UESL is an aggressive tumor characterized by a tendency for local invasion and systemic metastasis. It often remains asymptomatic but can occasionally present with abdominal pain, which is typically the main symptom prompting patients to seek medical attention. Early diagnosis of this tumor offers a possibility for successful treatment and a favorable prognosis. Regrettably, due to the non-specific nature of clinical and imaging findings, misdiagnosis can occur, leading to delays in both surgical and systemic treatment. Surgery is generally the preferred initial treatment for UESL, with radical resection recommended for all cases.

In this report, we present the case of a middle-aged woman who experienced abdominal pain without any other distinct clinical signs. This patient underwent a radical tumor resection and was subsequently diagnosed with hepatic sarcoma.

Case reports

Clinical manifestations

We hereby report the case of a 33-year-old female patient who was diagnosed with UESL. She presented at the hospital with a 2-day history of abdominal pain. Upon abdominal examination, no palpable mass was detected. Results from routine laboratory tests showed no signs of chronic liver disease and serum tumor markers were within normal limits. An ultrasound examination of the abdomen revealed a large cystic mass located in the right lobe of the liver. Further evaluation with computed tomography (CT) and magnetic resonance imaging (MRI) confirmed the presence of a 10 cm cystic mass in the same area. The CT images depicted a well-defined, low-density lesion without evident internal septations, which demonstrated progressive enhancement after the administration of a contrast agent. The MRI scans exhibited a low-intensity signal on T1-weighted images and a high-intensity signal on T2-weighted images, both of which showed enhancement after the injection of a contrast enhancer (Figure 1).

Figure 1

Figure 1. Radiology of undifferentiated embryonal sarcoma of the liver. (A) Axial contrast-enhanced CT scan of the upper abdomen demonstrating hepatomegaly with hypodense lesions in the liver. The hepatic lesion appears well-defined and hypodense, suggestive of possible tumor. (B–D) MRI of the upper abdomen demonstrating a hyperintense lesion in the liver, suggestive of a fluid-containing or highly vascular structure. The imaging characteristics of diffusion-weighted MRI (B), T1-weighted MRI (C), and T2-weighted MRI (D) are consistent with malignancy of embryonal sarcoma.
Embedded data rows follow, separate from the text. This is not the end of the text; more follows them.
lemma set_integrable_bounded_mult_gdens:
  fixes \<phi> :: "real \<Rightarrow> real"
  assumes [measurable]: "\<phi> \<in> borel_measurable lborel" and "\<forall>x. \<bar>\<phi> x\<bar> \<le> 1"
    and [measurable]: "A \<in> sets lborel" and "A \<subseteq> {0..1}"
  shows "set_integrable lborel A (\<lambda>x. \<phi> x * gdens n0 r y s x)"
proof (rule set_integrable_bound)
  show "set_integrable lborel A (gdens n0 r y s)"
    using set_integrable_gdens assms(3,4) by (rule set_integrable_subset)
  have [measurable]: "gdens n0 r y s \<in> borel_measurable lborel"
    using gdens_continuous by (simp add: borel_measurable_continuous_onI)
  show "set_borel_measurable lborel A (\<lambda>x. \<phi> x * gdens n0 r y s x)"
    unfolding set_borel_measurable_def by measurable
  show "AE x in lborel. x \<in> A \<longrightarrow> norm (\<phi> x * gdens n0 r y s x) \<le> norm (gdens n0 r y s x)"
    using assms(2) by (intro AE_I2) (simp add: abs_mult mult_left_le_one_le)
qed

text \<open>Only \<open>0 < y\<close> is used: the constraints on \<open>N\<close>, \<open>t\<close>, \<open>r\<close>, \<open>K\<close> only make
  \<open>n0\<close> the parameter of the detection problem.\<close>

theorem mainTheorem7:
  fixes N t r K :: nat and y :: real
  assumes "N \<ge> 2" and "t \<ge> 1" and "r \<ge> 1" and "t + r < N" and "K \<ge> N"
    and "0 < y" and "y \<le> 1"
  defines "n0 \<equiv> K - (N - t) + 1"
  shows "(\<forall>s>0. antimono_on {0<..1} (\<lambda>x. gdens n0 r y s x / gdens n0 r y 0 x))
    \<and> (\<forall>\<eta>::real. \<forall>\<phi>::real \<Rightarrow> real.
          \<phi> \<in> borel_measurable lborel \<and> (\<forall>x. 0 \<le> \<phi> x \<and> \<phi> x \<le> 1) \<and>
          (LBINT x:{0<..1}. \<phi> x * gdens n0 r y 0 x) \<le> (LBINT x:{0<..<\<eta>} \<inter> {0<..1}. gdens n0 r y 0 x)
          \<longrightarrow> (\<forall>s>0. (LBINT x:{0<..1}. \<phi> x * gdens n0 r y s x)
                        \<le> (LBINT x:{0<..<\<eta>} \<inter> {0<..1}. gdens n0 r y s x)))"
proof (intro conjI allI impI)
  show "antimono_on {0<..1} (\<lambda>x. gdens n0 r y s x / gdens n0 r y 0 x)" if "s > 0" for s
    using that \<open>0 < y\<close> by (simp add: gdens_ratio_antimono)
next
  fix \<eta> :: real and \<phi> :: "real \<Rightarrow> real" and s :: real
  assume "\<phi> \<in> borel_measurable lborel \<and> (\<forall>x. 0 \<le> \<phi> x \<and> \<phi> x \<le> 1) \<and>
      (LBINT x:{0<..1}. \<phi> x * gdens n0 r y 0 x) \<le> (LBINT x:{0<..<\<eta>} \<inter> {0<..1}. gdens n0 r y 0 x)"
    and "s > 0"
  moreover have region: "{0<..<\<eta>} \<inter> {0<..1} = {0<..1::real} \<inter> {..<\<eta>}" by auto
  ultimately have \<phi>: "\<phi> \<in> borel_measurable lborel" "\<forall>x. \<bar>\<phi> x\<bar> \<le> 1" "\<forall>x\<in>{0<..1}. 0 \<le> \<phi> x \<and> \<phi> x \<le> 1"
    and size: "(LBINT x:{0<..1}. \<phi> x * gdens n0 r y 0 x) \<le> (LBINT x:{0<..1} \<inter> {..<\<eta>}. gdens n0 r y 0 x)"
    by auto
  have integrable_region: "set_integrable lborel ({0<..1} \<inter> {..<\<eta>}) (gdens n0 r y s')" for s'
    by (rule set_integrable_subset[OF set_integrable_gdens]) auto
  have integrable_test: "set_integrable lborel {0<..1} (\<lambda>x. \<phi> x * gdens n0 r y s' x)" for s'
    using \<phi>(1,2) by (intro set_integrable_bounded_mult_gdens) auto
  have null_density_nonneg: "0 \<le> gdens n0 r y 0 x" if "x \<in> {0<..1}" for x
    using that by (simp add: gdens_zero_snr fbeta_nonneg)
  have "(LBINT x:{0<..1}. \<phi> x * gdens n0 r y s x) \<le> (LBINT x:{0<..1} \<inter> {..<\<eta>}. gdens n0 r y s x)"
  proof (rule antimono_likelihood_ratio_threshold_test_most_powerful)
    show "antimono_on {0<..1} (\<lambda>x. gdens n0 r y s x / gdens n0 r y 0 x)"
      using \<open>s > 0\<close> \<open>0 < y\<close> by (simp add: gdens_ratio_antimono)
    show "bdd_above ((\<lambda>x. gdens n0 r y s x / gdens n0 r y 0 x) ` {0<..1})"
      using \<open>s > 0\<close> \<open>0 < y\<close> by (simp add: gdens_ratio_bdd_above)
    show "\<forall>x\<in>{0<..1}. gdens n0 r y s x = gdens n0 r y s x / gdens n0 r y 0 x * gdens n0 r y 0 x"
      using gdens_eq_ratio_mult by blast
  qed (use \<open>s > 0\<close> \<open>0 < y\<close> \<phi>(3) size integrable_region integrable_test null_density_nonneg in
       \<open>auto simp: gdens_ratio_bounds(1)\<close>)
  then show "(LBINT x:{0<..1}. \<phi> x * gdens n0 r y s x) \<le> (LBINT x:{0<..<\<eta>} \<inter> {0<..1}. gdens n0 r y s x)"
    unfolding region .
qed
(* If $X$ satisfies ${\sf S}_1(\mathcal{G}_K,\mathcal{G}_{D_\Gamma})$, then $X$ is productively weakly Menger: for every weakly Menger space $Y$, $X\times Y$ is weakly Menger.
   Context: All spaces are infinite ${\sf T}_1$ topological spaces. $\mathcal{G}_K$ is the family of all collections $\mathcal{U}$ of ${\sf G}_\delta$ subsets of $X$ with $X\notin\mathcal{U}$ such that each compact subset of $X$ is contained in some member of $\mathcal{U}$. $\mathcal{G}_{D_\Gamma}$ is the family of infinite collections $\mathcal{U}$ of ${\sf G}_\delta$ subsets of $X$ such that for each nonempty open $U\subseteq X$, $\{V\in\mathcal{U}:U\cap V=\emptyset\}$ is finite. ${\sf S}_1(\mathcal{A},\mathcal{B})$: for each sequence $(A_n)$ of elements of $\mathcal{A}$ there are $B_n\in A_n$ with $\{B_n:n\in\mathbb{N}\}\in\mathcal{B}$. A space is weakly Menger if for each sequence $(\mathcal{U}_n)$ of open covers there are finite $\mathcal{V}_n\subseteq\mathcal{U}_n$ such that $\bigcup_n\bigcup\mathcal{V}_n$ is dense. *)

theory Defs
  imports "HOL-Analysis.Analysis"
begin

definition G_K :: "'a topology \<Rightarrow> 'a set set set" where
  "G_K X = {\<U>. (\<forall>V\<in>\<U>. gdelta_in X V) \<and> topspace X \<notin> \<U> \<and>
                 (\<forall>K. compactin X K \<longrightarrow> (\<exists>V\<in>\<U>. K \<subseteq> V))}"

definition G_DGamma :: "'a topology \<Rightarrow> 'a set set set" where
  "G_DGamma X = {\<U>. infinite \<U> \<and> (\<forall>V\<in>\<U>. gdelta_in X V) \<and>
                 (\<forall>U. openin X U \<and> U \<noteq> {} \<longrightarrow> finite {V\<in>\<U>. U \<inter> V = {}})}"

definition S1 :: "'x set set \<Rightarrow> 'x set set \<Rightarrow> bool" where
  "S1 A B \<longleftrightarrow> (\<forall>F :: nat \<Rightarrow> 'x set. (\<forall>n. F n \<in> A) \<longrightarrow>
       (\<exists>b :: nat \<Rightarrow> 'x. (\<forall>n. b n \<in> F n) \<and> range b \<in> B))"

definition open_cover :: "'a topology \<Rightarrow> 'a set set \<Rightarrow> bool" where
  "open_cover X \<U> \<longleftrightarrow> (\<forall>U\<in>\<U>. openin X U) \<and> \<Union>\<U> = topspace X"
(* For integers $n\ge m\ge 2$, $$f(S_m,\overline{K_n})= n+\min_{k}\max\left\{k+\left\lceil\frac{n-1}{k}\right\rceil,\ 2m-3-k\right\},$$ where the minimum is over positive integers $k$.
   Context: All graphs are finite and simple. $S_m=K_{1,m-1}$ is the star with $m$ vertices; $\overline{K_n}$ is the edgeless graph on $n$ vertices. A graph $G$ is $(H_1,H_2)$-full if every vertex of $G$ belongs to an induced subgraph isomorphic to $H_1$ and to an induced subgraph isomorphic to $H_2$; $f(H_1,H_2)$ is the minimum order of an $(H_1,H_2)$-full graph. *)

theory Defs
  imports Complex_Main
begin

definition simple_graph :: "'a set \<Rightarrow> ('a \<Rightarrow> 'a \<Rightarrow> bool) \<Rightarrow> bool" where
  "simple_graph V E \<longleftrightarrow> finite V \<and> (\<forall>x y. E x y \<longrightarrow> x \<in> V \<and> y \<in> V)
     \<and> (\<forall>x y. E x y \<longrightarrow> E y x) \<and> (\<forall>x. \<not> E x x)"

definition in_induced_copy ::
  "'a set \<Rightarrow> ('a \<Rightarrow> 'a \<Rightarrow> bool) \<Rightarrow> 'b set \<Rightarrow> ('b \<Rightarrow> 'b \<Rightarrow> bool) \<Rightarrow> 'a \<Rightarrow> bool" where
  "in_induced_copy V E W F v \<longleftrightarrow>
     (\<exists>U. U \<subseteq> V \<and> v \<in> U \<and>
        (\<exists>g. bij_betw g W U \<and> (\<forall>x\<in>W. \<forall>y\<in>W. F x y \<longleftrightarrow> E (g x) (g y))))"

text \<open>The star S_m = K_{1,m-1} on vertices {0..<m} with centre 0.\<close>
definition star_V :: "nat \<Rightarrow> nat set" where "star_V m = {0..<m}"
definition star_E :: "nat \<Rightarrow> nat \<Rightarrow> bool" where
  "star_E x y \<longleftrightarrow> x \<noteq> y \<and> (x = 0 \<or> y = 0)"

definition empty_V :: "nat \<Rightarrow> nat set" where "empty_V n = {0..<n}"
definition empty_E :: "nat \<Rightarrow> nat \<Rightarrow> bool" where "empty_E x y \<longleftrightarrow> False"

definition is_full ::
  "'a set \<Rightarrow> ('a \<Rightarrow> 'a \<Rightarrow> bool) \<Rightarrow> 'b set \<Rightarrow> ('b \<Rightarrow> 'b \<Rightarrow> bool)
     \<Rightarrow> 'c set \<Rightarrow> ('c \<Rightarrow> 'c \<Rightarrow> bool) \<Rightarrow> bool" where
  "is_full V E W1 F1 W2 F2 \<longleftrightarrow> simple_graph V E \<and>
     (\<forall>v\<in>V. in_induced_copy V E W1 F1 v \<and> in_induced_copy V E W2 F2 v)"

text \<open>Minimum order of a (nonempty) (H1,H2)-full graph; graphs are taken on vertex type nat,
  which loses no generality for finite graphs.\<close>
definition f_full :: "'b set \<Rightarrow> ('b \<Rightarrow> 'b \<Rightarrow> bool) \<Rightarrow> 'c set \<Rightarrow> ('c \<Rightarrow> 'c \<Rightarrow> bool) \<Rightarrow> nat" where
  "f_full W1 F1 W2 F2 = (LEAST N. \<exists>(V::nat set) E. V \<noteq> {} \<and> is_full V E W1 F1 W2 F2 \<and> card V = N)"

end

theory Submission
  imports Defs
begin

(*
  Let G be (S_m, K_n-bar)-full of order n + t. G has no isolated vertex, so every
  dominating set D yields a spanning star forest with at most |D| stars: repeatedly reassign
  leaves until every centre keeps a leaf. If there are q stars, an independent n-set through a
  centre meets its own star only in that centre and every other star in at most t + 1 - q
  vertices, so n - 1 <= (q - 1) k with k = t + 1 - q, i.e. k + ceil((n-1)/k) <= t. A dominating
  set of size at most 2t - 2m + 4 is found from an induced star (centre c, leaves L) and an
  independent n-set J through c: take c, the t - m + 1 vertices outside J and L, and at most
  t - m + 2 vertices dominating those vertices of J whose neighbours all lie in L. Hence
  q <= 2t + 4 - 2m, i.e. 2m - 3 - k <= t.

  Take two sides, each with hubs and leaves; hubs on different sides are all
  adjacent, and each hub is adjacent to a window of k consecutive leaves of its own side, the
  windows of a side covering its leaves. A hub is the centre of a star formed by the other
  side's hubs and its window, and lies in an independent set with all leaves outside its
  window; the leaves form an independent set and each lies in a window. Balancing the numbers
  of hubs and leaves gives order n + max (k + ceil((n-1)/k)) (2m - 3 - k) for 1 <= k <= n - 1.
*)

section \<open>Induced stars and independent sets\<close>

definition indep_set :: "('a \<Rightarrow> 'a \<Rightarrow> bool) \<Rightarrow> 'a set \<Rightarrow> bool" where
  "indep_set E J \<longleftrightarrow> (\<forall>x\<in>J. \<forall>y\<in>J. \<not> E x y)"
No abnormalities in liver function were detected, and serum tumor marker levels, including CEA, CA19.9, and alpha-fetoprotein, were within normal ranges. Viral markers also tested negative. After consultation with radiologists and oncologists, a decision was made to proceed with abdominal surgery.

Once general anesthesia was induced, the patient was positioned supine with the right side of the back elevated. A urinary catheter was inserted and the area was prepared with standard disinfection and draping. A roughly 30-cm L-shaped incision was made below the right costal margin to access the abdominal cavity, which was entered methodically, layer by layer.

During the exploratory phase of the surgery, a mass in the right posterior lobe of the liver was identified, firmly adherent to the diaphragm. No ascites or additional masses were observed within the abdominal cavity. The lesser omentum was incised and a hepatic pedicle clamp was applied. The round ligament and falciform ligament were divided and the second hepatic hilum was dissected. The right hepatic renal ligament was severed to expose the right side of the inferior vena cava (IVC). Two hepatic short veins were ligated and transected.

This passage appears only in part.